Alimentée par des flux substantiels des grands investisseurs au cours des dernières années, les stratégies d’investissement ESG commencent à avoir suffisamment de poids sur les marchés pour influencer le prix des actifs. Du moins, dans certaines régions du monde.

« À partir du moment où 15 à 20 % des investisseurs intègrent des critères ESG dans leurs décisions de placement, on commence à constater un effet sur la valorisation des actifs sur le marché », indique Thierry Roncalli, responsable de la recherche quantitative à Amundi Asset Management.

Lors de la Conférence annuelle de l’Association pour l’investissement responsable, qui a eu lieu à Montréal au mois d’avril, M. Roncalli a présenté différentes analyses qui témoignent de l’influence grandissante de l’intégration des critères ESG sur les marchés financiers.

En Amérique du Nord, l’intégration des facteurs ESG constitue encore une stratégie d’alpha, c’est-à-dire que lorsqu’elle est bien exécutée, elle permet à un portefeuille de générer de la valeur ajoutée par rapport au marché (bêta). Par contre, les facteurs ESG n’ont pas encore assez d’influence pour avoir un impact sur le prix des actifs.

Le portrait est différent en Europe, où l’investissement responsable est en vogue depuis plus longtemps. « L’intégration des critères ESG est devenue source de bêta en Europe, explique Thierry Roncalli. À mesure que les flux vont augmenter, le même phénomène va se produire en Amérique du Nord. En bougeant collectivement, les investisseurs font bouger les marchés. » Bref, les facteurs ESG ne sont plus un simple système de filtres, ils sont en voie de devenir un facteur de risque de marché à part entière.

L’analyste a calculé le poids qu’ont les critères ESG sur la valorisation des actions comparativement à celui qu’ont les cinq facteurs généralement pris en compte dans les stratégies de bêta intelligent, soit la taille, la valeur, le momentum, la faible volatilité et la qualité. Résultat, l’ESG est depuis 2014 le facteur alternatif qui est le plus déterminant dans la valorisation des titres boursiers. Cette conclusion s’applique eu Europe, mais aussi dans une moindre mesure en Amérique du Nord.

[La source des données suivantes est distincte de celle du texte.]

(* Let $A$ be a metrizable abelian topological group. Then $\hat A$ is a $k$-space.
   Context: $\mathbb{T}=\mathbb{R}/\mathbb{Z}$. $\hat A$ is the group of continuous homomorphisms $A\to\mathbb{T}$ with the compact-open topology. A Hausdorff space $X$ is a $k$-space if a subset $F\subseteq X$ is closed whenever $F\cap K$ is closed in $K$ for every compact $K\subseteq X$. *)

theory Defs
  imports "HOL-Analysis.Analysis"
begin

definition topological_ab_group :: "'a::ab_group_add topology \<Rightarrow> bool" where
  "topological_ab_group X \<longleftrightarrow>
     topspace X = UNIV \<and>
     continuous_map (prod_topology X X) X (\<lambda>(x, y). x + y) \<and>
     continuous_map X X uminus"

text \<open>The circle group T = R/Z, realised (isomorphically, via t \<mapsto> exp(2 pi i t))
  as the unit circle in the complex plane with multiplication and the subspace topology.\<close>
definition circle_top :: "complex topology" where
  "circle_top = top_of_set (sphere 0 1)"

definition characters :: "'a::ab_group_add topology \<Rightarrow> ('a \<Rightarrow> complex) set" where
  "characters X = {c. continuous_map X circle_top c \<and> (\<forall>x y. c (x + y) = c x * c y)}"

definition compact_open_topology ::
  "'a topology \<Rightarrow> 'b topology \<Rightarrow> ('a \<Rightarrow> 'b) set \<Rightarrow> ('a \<Rightarrow> 'b) topology" where
  "compact_open_topology X Y D =
     topology_generated_by {{f \<in> D. f ` K \<subseteq> U} | K U. compactin X K \<and> openin Y U}"

definition dual_group :: "'a::ab_group_add topology \<Rightarrow> ('a \<Rightarrow> complex) topology" where
  "dual_group X = compact_open_topology X circle_top (characters X)"

end

theory Submission
  imports Defs
begin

Thierry Roncalli est donc d’avis que l’ESG deviendra une stratégie de bêta, au même titre que le facteur qualité ou le facteur faible volatilité. « La qualité était une stratégie d’alpha auparavant, mais elle est devenue du bêta parce qu’elle a bien fonctionnée en 2008, et a donc été adoptée par de nombreux investisseurs, dit-il. Le même phénomène s’est produit avec le facteur faible volatilité après l’éclatement de la bulle techno en 2000. »

Les facteurs ESG de plus en plus récompensés par le marché

L’industrie de la gestion d’actif n’a toujours par réussi à en venir à un consensus concernant l’impact qu’a l’intégration des stratégies ESG sur les rendements. Grâce à différentes analyses, Thierry Roncalli a néanmoins démontré que depuis environ 2014, les investisseurs ESG étaient récompensés par le marché.

Avant cette date, il est vrai que l’intégration des facteurs ESG avait tendance à retrancher de la performance aux portefeuilles. En revanche, entre 2014 et 2017, le constat est inversé : les stratégies ESG sont créatrices de valeur sur tous les grands marchés boursiers, à l’exception de celui du Japon, où leur intégration semble encore aujourd’hui avoir des effets négatifs sur le rendement des portefeuilles

En Amérique du Nord, c’est le critère environnement qui semble le plus susceptible de surperformer, alors qu’en Europe il s’agit plutôt du critère gouvernance.

Dans ses analyses, Thierry Roncalli a aussi remarqué qu’à partir d’un certain point, les bienfaits des stratégies d’intégration diminuent à mesure que le score ESG d’un portefeuille augmente. Ainsi, un portefeuille dont le niveau d’intégration des critères ESG atteint 100 % n’offre pas nécessairement un meilleur rendement qu’un portefeuille qui n’en intègre pas du tout.

« En intégrant un très grand nombre de filtres ESG, on en vient à perdre de la diversification, ce qui limite la performance du portefeuille », explique-t-il.